Source material:
theorem mainTheorem14:
  fixes n :: nat
  assumes "n \<ge> 1"
  shows "Total n ({1, 2, 3} \<union> range (\<lambda>i::nat. 5 * 2 ^ i))
           = enat (nat \<lfloor>(5::real) * 2 powr (real n - 2) - 1\<rfloor>)"
proof -
  obtain q where "reachable n A5 q" "total_value n q = (\<Sum>l=1..n. max_tile l)"
    using reach_total_value_add_max_tiles[of "{..<n}" n n "\<lambda>_. None"]
    by (auto simp: reachable_def total_value_def)
  then have "enat (\<Sum>l=1..n. max_tile l) \<le> Total n A5"
    unfolding Total_def by (metis SUP_upper mem_Collect_eq)
  then have "Total n A5 = enat (\<Sum>l=1..n. max_tile l)"
    using A5.Total_le by (rule antisym[rotated])
  then show ?thesis using sum_max_tile_eq_floor[OF assms] by simp
qed

end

Task objective:
Transcribe the data exactly.

Written solution:
theorem mainTheorem14:
  fixes n :: nat
  assumes "n \<ge> 1"
  shows "Total n ({1, 2, 3} \<union> range (\<lambda>i::nat. 5 * 2 ^ i))
           = enat (nat \<lfloor>(5::real) * 2 powr (real n - 2) - 1\<rfloor>)"
proof -
  obtain q where "reachable n A5 q" "total_value n q = (\<Sum>l=1..n. max_tile l)"
    using reach_total_value_add_max_tiles[of "{..<n}" n n "\<lambda>_. None"]
    by (auto simp: reachable_def total_value_def)
  then have "enat (\<Sum>l=1..n. max_tile l) \<le> Total n A5"
    unfolding Total_def by (metis SUP_upper mem_Collect_eq)
  then have "Total n A5 = enat (\<Sum>l=1..n. max_tile l)"
    using A5.Total_le by (rule antisym[rotated])
  then show ?thesis using sum_max_tile_eq_floor[OF assms] by simp
qed

end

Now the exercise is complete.